Exercise details —
Each record below has to be printed verbatim.

The input —
◇ ◇ ◇ ◇

(* Let $\beta>0$, $N\ge 4$, $\Lambda=(\mathbb{Z}/N\mathbb{Z})^2$ and $i,j\in\Lambda$ with $i\ne j$. Then for every $x\in\Omega_{i,j}$, \[ H_\Lambda(x)-H_\Lambda(F_{i,j}(x))\ge|\gamma_{i,j}(x)|. \] Moreover, for every $\gamma\in\Gamma_{i,j}$ and $k\in\mathbb{N}$, \[ P_{\Lambda,\beta}\big(x_i-x_j\ge k,\ \gamma_{i,j}(x)=\gamma\big)\le e^{-\beta|\gamma|}P_{\Lambda,\beta}(x_i-x_j\ge k-1), \] hence \[ P_{\Lambda,\beta}(x_i-x_j\ge k)\le P_{\Lambda,\beta}(x_i-x_j\ge k-1)\sum_{\gamma\in\Gamma_{i,j}}e^{-\beta|\gamma|}, \qquad P_{\Lambda,\beta}(x_i-x_j\ge k)\le\Big(\sum_{\gamma\in\Gamma_{i,j}}e^{-\beta|\gamma|}\Big)^k. \]
   Context: $\Lambda=(\mathbb{Z}/N\mathbb{Z})^2$ is the $N\times N$ box with periodic boundary conditions containing $0$, $\mathcal{E}_\Lambda$ its nearest-neighbour edges. $\Omega_\Lambda=\{x\in\mathbb{Z}^\Lambda:x_0=0\}$, $H_\Lambda(x)=\sum_{\{l,m\}\in\mathcal{E}_\Lambda}(x_l-x_m)^2$, and $P_{\Lambda,\beta}=Z_{\Lambda,\beta}^{-1}\sum_{x\in\Omega_\Lambda}e^{-\beta H_\Lambda(x)}\delta_x$ with $Z_{\Lambda,\beta}=\sum_{x\in\Omega_\Lambda}e^{-\beta H_\Lambda(x)}$. Contours: let $\Lambda^*=\Lambda+(1/2,1/2)$ be the dual torus; each edge $\{l,m\}\in\mathcal{E}_\Lambda$ is crossed by a unique dual edge $\{l,m\}^*$. Let $\Omega_{i,j}=\{x\in\Omega_\Lambda:x_i>x_j\}$. For $x\in\Omega_{i,j}$ let $C_i$ be the connected component containing $i$ of $\{k\in\Lambda:x_k\ge x_i\}$, and $\partial C_i$ the set of dual edges $\{l,m\}^*$ with $l\in C_i$, $m\notin C_i$, oriented so that the vertex in $C_i$ lies to the left. Split $\partial C_i$ into closed self-avoiding dual contours (at a dual vertex where four boundary edges meet, use the North-West/South-East splitting rule). A contour winds around the torus iff the sum of its direction vectors is non-zero; exactly one of the following holds: (1) exactly one non-winding contour of $\partial C_i$ separates $i$ from $j$ (every nearest-neighbour path from $i$ to $j$ crosses an edge whose dual lies in it), and $\gamma_{i,j}(x)$ is this contour; or (2) $\partial C_i$ contains exactly two winding contours $\gamma_-,\gamma_+$ whose union separates $i$ from $j$, and $\gamma_{i,j}(x):=\gamma_-\cup\gamma_+$. $|\gamma|$ denotes the number of dual edges of $\gamma$, and $\Gamma_{i,j}:=\{\gamma_{i,j}(x):x\in\Omega_{i,j}\}$. Let $\mathcal{L}_i(\gamma)$ be the set of $k\in\Lambda$ not separated from $i$ by $\gamma$. Define $F_{i,j}:\Omega_{i,j}\to\Omega_\Lambda$ by $F_{i,j}(x)_l=x_l-\mathbf{1}_{\mathcal{L}_i(\gamma_{i,j}(x))}(l)-x_0+\mathbf{1}_{\mathcal{L}_i(\gamma_{i,j}(x))}(0)$. *)

theory Defs
  imports "HOL-Analysis.Analysis"
begin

◇ ◇ ◇ ◇

Exercise response —
(* Let $\beta>0$, $N\ge 4$, $\Lambda=(\mathbb{Z}/N\mathbb{Z})^2$ and $i,j\in\Lambda$ with $i\ne j$. Then for every $x\in\Omega_{i,j}$, \[ H_\Lambda(x)-H_\Lambda(F_{i,j}(x))\ge|\gamma_{i,j}(x)|. \] Moreover, for every $\gamma\in\Gamma_{i,j}$ and $k\in\mathbb{N}$, \[ P_{\Lambda,\beta}\big(x_i-x_j\ge k,\ \gamma_{i,j}(x)=\gamma\big)\le e^{-\beta|\gamma|}P_{\Lambda,\beta}(x_i-x_j\ge k-1), \] hence \[ P_{\Lambda,\beta}(x_i-x_j\ge k)\le P_{\Lambda,\beta}(x_i-x_j\ge k-1)\sum_{\gamma\in\Gamma_{i,j}}e^{-\beta|\gamma|}, \qquad P_{\Lambda,\beta}(x_i-x_j\ge k)\le\Big(\sum_{\gamma\in\Gamma_{i,j}}e^{-\beta|\gamma|}\Big)^k. \]
   Context: $\Lambda=(\mathbb{Z}/N\mathbb{Z})^2$ is the $N\times N$ box with periodic boundary conditions containing $0$, $\mathcal{E}_\Lambda$ its nearest-neighbour edges. $\Omega_\Lambda=\{x\in\mathbb{Z}^\Lambda:x_0=0\}$, $H_\Lambda(x)=\sum_{\{l,m\}\in\mathcal{E}_\Lambda}(x_l-x_m)^2$, and $P_{\Lambda,\beta}=Z_{\Lambda,\beta}^{-1}\sum_{x\in\Omega_\Lambda}e^{-\beta H_\Lambda(x)}\delta_x$ with $Z_{\Lambda,\beta}=\sum_{x\in\Omega_\Lambda}e^{-\beta H_\Lambda(x)}$. Contours: let $\Lambda^*=\Lambda+(1/2,1/2)$ be the dual torus; each edge $\{l,m\}\in\mathcal{E}_\Lambda$ is crossed by a unique dual edge $\{l,m\}^*$. Let $\Omega_{i,j}=\{x\in\Omega_\Lambda:x_i>x_j\}$. For $x\in\Omega_{i,j}$ let $C_i$ be the connected component containing $i$ of $\{k\in\Lambda:x_k\ge x_i\}$, and $\partial C_i$ the set of dual edges $\{l,m\}^*$ with $l\in C_i$, $m\notin C_i$, oriented so that the vertex in $C_i$ lies to the left. Split $\partial C_i$ into closed self-avoiding dual contours (at a dual vertex where four boundary edges meet, use the North-West/South-East splitting rule). A contour winds around the torus iff the sum of its direction vectors is non-zero; exactly one of the following holds: (1) exactly one non-winding contour of $\partial C_i$ separates $i$ from $j$ (every nearest-neighbour path from $i$ to $j$ crosses an edge whose dual lies in it), and $\gamma_{i,j}(x)$ is this contour; or (2) $\partial C_i$ contains exactly two winding contours $\gamma_-,\gamma_+$ whose union separates $i$ from $j$, and $\gamma_{i,j}(x):=\gamma_-\cup\gamma_+$. $|\gamma|$ denotes the number of dual edges of $\gamma$, and $\Gamma_{i,j}:=\{\gamma_{i,j}(x):x\in\Omega_{i,j}\}$. Let $\mathcal{L}_i(\gamma)$ be the set of $k\in\Lambda$ not separated from $i$ by $\gamma$. Define $F_{i,j}:\Omega_{i,j}\to\Omega_\Lambda$ by $F_{i,j}(x)_l=x_l-\mathbf{1}_{\mathcal{L}_i(\gamma_{i,j}(x))}(l)-x_0+\mathbf{1}_{\mathcal{L}_i(\gamma_{i,j}(x))}(0)$. *)

theory Defs
  imports "HOL-Analysis.Analysis"
begin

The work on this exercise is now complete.